REQUIREMENT →
For this exercise, restate word for word only the lines from the first line of the data to the line containing "unfolding inv_mat_def by (rule someI_ex)".

RECORDED INFORMATION →
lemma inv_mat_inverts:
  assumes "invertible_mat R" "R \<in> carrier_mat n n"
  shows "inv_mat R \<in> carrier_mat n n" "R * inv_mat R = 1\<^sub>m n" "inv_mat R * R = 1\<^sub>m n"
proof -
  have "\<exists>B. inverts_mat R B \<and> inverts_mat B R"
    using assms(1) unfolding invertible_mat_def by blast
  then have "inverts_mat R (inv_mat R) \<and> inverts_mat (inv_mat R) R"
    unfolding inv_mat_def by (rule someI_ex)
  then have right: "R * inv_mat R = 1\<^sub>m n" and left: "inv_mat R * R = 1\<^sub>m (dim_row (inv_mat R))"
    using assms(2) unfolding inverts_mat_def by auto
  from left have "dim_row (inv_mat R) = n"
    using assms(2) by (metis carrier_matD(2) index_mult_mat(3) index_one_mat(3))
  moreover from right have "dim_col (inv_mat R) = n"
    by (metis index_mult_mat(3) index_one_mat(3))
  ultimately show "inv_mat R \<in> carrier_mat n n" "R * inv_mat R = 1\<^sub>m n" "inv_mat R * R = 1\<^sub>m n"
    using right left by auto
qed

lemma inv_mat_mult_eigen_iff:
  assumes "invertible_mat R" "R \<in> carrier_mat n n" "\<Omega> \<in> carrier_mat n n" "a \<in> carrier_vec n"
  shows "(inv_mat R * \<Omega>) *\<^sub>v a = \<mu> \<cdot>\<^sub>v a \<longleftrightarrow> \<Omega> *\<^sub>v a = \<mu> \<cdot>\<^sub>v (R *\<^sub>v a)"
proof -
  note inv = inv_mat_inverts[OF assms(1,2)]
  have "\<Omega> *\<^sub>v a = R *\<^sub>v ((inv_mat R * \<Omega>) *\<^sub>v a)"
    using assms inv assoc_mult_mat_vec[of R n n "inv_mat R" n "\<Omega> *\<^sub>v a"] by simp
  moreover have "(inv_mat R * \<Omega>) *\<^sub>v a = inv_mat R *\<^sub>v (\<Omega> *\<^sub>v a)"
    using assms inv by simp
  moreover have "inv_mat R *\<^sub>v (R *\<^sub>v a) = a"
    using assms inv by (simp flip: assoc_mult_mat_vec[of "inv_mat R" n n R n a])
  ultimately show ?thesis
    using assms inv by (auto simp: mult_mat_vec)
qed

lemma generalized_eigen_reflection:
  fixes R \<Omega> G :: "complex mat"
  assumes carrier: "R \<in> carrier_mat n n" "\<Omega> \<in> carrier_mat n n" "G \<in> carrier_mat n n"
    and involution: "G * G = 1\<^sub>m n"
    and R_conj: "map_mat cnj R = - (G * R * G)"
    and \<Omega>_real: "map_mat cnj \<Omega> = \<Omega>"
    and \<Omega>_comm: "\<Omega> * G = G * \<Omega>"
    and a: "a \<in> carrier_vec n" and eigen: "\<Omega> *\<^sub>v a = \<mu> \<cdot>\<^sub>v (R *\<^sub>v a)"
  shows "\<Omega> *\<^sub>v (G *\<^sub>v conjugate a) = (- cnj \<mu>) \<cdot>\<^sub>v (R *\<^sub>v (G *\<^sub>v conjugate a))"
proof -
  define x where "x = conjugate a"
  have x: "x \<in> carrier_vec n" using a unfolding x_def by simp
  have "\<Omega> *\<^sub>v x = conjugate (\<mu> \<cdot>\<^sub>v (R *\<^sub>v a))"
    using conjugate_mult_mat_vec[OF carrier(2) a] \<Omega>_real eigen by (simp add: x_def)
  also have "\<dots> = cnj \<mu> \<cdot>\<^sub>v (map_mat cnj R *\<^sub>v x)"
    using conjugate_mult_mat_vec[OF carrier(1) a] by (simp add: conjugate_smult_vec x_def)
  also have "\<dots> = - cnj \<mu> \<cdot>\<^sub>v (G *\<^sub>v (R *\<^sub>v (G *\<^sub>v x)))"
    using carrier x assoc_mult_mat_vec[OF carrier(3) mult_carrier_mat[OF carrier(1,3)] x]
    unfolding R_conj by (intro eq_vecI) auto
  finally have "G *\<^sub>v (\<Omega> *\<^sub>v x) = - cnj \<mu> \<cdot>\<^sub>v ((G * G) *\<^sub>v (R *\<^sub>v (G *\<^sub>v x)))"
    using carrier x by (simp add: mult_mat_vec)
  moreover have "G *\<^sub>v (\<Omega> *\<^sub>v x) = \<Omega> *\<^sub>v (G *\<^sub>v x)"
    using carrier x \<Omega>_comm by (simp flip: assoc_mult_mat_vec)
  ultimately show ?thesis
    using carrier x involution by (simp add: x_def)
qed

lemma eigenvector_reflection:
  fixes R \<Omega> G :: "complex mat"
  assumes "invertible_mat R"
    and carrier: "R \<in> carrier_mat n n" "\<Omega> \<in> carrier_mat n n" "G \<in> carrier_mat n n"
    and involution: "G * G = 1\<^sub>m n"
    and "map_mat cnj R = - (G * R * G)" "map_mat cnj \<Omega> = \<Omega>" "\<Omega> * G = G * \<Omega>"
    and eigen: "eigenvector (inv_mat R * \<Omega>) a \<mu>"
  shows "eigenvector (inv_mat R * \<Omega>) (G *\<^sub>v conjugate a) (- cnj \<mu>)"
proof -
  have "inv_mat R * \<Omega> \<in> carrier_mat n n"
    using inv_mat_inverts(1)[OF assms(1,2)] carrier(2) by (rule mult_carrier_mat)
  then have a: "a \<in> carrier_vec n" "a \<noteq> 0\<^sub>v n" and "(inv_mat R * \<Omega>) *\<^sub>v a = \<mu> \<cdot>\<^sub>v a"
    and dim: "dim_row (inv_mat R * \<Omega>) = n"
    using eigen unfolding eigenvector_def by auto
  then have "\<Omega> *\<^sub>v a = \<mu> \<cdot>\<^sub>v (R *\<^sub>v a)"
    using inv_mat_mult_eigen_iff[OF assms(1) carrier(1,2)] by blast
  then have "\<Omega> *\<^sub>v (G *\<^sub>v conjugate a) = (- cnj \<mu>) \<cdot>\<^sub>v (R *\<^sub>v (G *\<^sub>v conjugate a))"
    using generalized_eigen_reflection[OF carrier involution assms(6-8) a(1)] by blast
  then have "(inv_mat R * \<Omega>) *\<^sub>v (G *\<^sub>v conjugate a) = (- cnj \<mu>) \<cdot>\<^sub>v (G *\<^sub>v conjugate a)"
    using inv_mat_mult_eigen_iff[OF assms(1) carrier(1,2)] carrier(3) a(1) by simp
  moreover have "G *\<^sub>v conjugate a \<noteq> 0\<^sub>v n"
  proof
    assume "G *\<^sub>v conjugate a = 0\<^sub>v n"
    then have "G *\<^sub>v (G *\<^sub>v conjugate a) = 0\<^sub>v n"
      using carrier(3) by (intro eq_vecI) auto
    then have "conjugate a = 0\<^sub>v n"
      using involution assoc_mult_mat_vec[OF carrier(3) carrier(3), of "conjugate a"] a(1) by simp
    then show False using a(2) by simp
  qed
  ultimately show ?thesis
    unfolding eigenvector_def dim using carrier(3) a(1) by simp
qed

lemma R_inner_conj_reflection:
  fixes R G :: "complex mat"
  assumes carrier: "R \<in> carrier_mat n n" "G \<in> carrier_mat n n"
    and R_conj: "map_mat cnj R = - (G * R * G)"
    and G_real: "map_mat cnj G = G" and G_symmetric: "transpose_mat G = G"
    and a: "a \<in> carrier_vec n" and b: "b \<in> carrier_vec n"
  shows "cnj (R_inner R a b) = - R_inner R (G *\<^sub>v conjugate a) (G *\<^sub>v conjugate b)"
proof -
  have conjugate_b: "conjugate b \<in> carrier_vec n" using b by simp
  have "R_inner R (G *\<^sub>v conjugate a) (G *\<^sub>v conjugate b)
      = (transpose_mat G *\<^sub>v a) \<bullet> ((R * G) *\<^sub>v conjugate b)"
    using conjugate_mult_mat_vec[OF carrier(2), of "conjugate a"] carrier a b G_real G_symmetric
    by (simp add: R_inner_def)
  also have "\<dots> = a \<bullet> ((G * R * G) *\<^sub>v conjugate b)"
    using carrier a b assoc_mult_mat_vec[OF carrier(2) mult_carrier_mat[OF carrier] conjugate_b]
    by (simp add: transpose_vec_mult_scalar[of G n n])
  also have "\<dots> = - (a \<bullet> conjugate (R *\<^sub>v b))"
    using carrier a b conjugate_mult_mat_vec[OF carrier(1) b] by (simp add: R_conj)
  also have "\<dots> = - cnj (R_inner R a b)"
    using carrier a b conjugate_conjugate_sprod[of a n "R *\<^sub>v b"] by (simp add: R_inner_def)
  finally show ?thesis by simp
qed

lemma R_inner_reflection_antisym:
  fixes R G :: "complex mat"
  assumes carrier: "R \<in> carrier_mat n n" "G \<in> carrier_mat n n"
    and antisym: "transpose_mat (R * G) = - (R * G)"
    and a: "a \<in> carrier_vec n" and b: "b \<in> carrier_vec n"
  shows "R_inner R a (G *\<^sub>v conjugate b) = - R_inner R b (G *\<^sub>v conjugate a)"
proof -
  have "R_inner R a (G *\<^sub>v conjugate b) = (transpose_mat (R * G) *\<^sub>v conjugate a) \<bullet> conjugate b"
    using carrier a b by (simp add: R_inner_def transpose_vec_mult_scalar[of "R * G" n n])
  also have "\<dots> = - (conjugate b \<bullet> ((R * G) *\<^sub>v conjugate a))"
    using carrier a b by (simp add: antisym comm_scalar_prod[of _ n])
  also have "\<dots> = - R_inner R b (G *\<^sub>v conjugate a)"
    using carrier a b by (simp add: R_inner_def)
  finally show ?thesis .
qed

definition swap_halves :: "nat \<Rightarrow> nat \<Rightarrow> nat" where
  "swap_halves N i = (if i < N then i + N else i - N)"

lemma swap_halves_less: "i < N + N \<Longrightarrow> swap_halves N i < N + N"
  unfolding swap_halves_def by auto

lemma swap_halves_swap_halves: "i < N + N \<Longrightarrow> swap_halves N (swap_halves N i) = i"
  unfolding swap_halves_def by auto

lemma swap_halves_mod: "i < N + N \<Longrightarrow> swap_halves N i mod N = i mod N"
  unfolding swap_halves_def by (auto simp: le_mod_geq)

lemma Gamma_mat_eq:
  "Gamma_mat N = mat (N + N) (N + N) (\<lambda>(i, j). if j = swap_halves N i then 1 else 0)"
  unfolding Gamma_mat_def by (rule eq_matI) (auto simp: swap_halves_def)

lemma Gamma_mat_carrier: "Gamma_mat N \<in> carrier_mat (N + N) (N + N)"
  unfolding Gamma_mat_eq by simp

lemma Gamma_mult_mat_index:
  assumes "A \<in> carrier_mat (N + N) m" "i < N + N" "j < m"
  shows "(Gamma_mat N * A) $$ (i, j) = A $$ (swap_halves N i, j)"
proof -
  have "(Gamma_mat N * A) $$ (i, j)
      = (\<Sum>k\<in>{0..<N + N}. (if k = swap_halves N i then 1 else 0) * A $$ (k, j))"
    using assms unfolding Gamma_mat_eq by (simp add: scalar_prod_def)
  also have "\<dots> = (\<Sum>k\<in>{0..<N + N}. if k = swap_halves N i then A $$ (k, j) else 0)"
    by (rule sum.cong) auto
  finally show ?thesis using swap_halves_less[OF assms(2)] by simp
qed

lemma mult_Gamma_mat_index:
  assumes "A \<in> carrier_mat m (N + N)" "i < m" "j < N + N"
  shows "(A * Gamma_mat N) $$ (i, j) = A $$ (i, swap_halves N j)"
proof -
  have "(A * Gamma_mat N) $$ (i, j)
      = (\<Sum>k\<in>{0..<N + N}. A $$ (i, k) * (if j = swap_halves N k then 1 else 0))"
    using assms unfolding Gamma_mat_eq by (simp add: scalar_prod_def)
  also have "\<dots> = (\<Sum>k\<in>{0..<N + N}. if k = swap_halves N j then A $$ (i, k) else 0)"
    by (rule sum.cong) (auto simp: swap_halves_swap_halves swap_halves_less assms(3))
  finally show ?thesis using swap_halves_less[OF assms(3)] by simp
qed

RESPONSE TO THIS EXERCISE →
lemma inv_mat_inverts:
  assumes "invertible_mat R" "R \<in> carrier_mat n n"
  shows "inv_mat R \<in> carrier_mat n n" "R * inv_mat R = 1\<^sub>m n" "inv_mat R * R = 1\<^sub>m n"
proof -
  have "\<exists>B. inverts_mat R B \<and> inverts_mat B R"
    using assms(1) unfolding invertible_mat_def by blast
  then have "inverts_mat R (inv_mat R) \<and> inverts_mat (inv_mat R) R"
    unfolding inv_mat_def by (rule someI_ex)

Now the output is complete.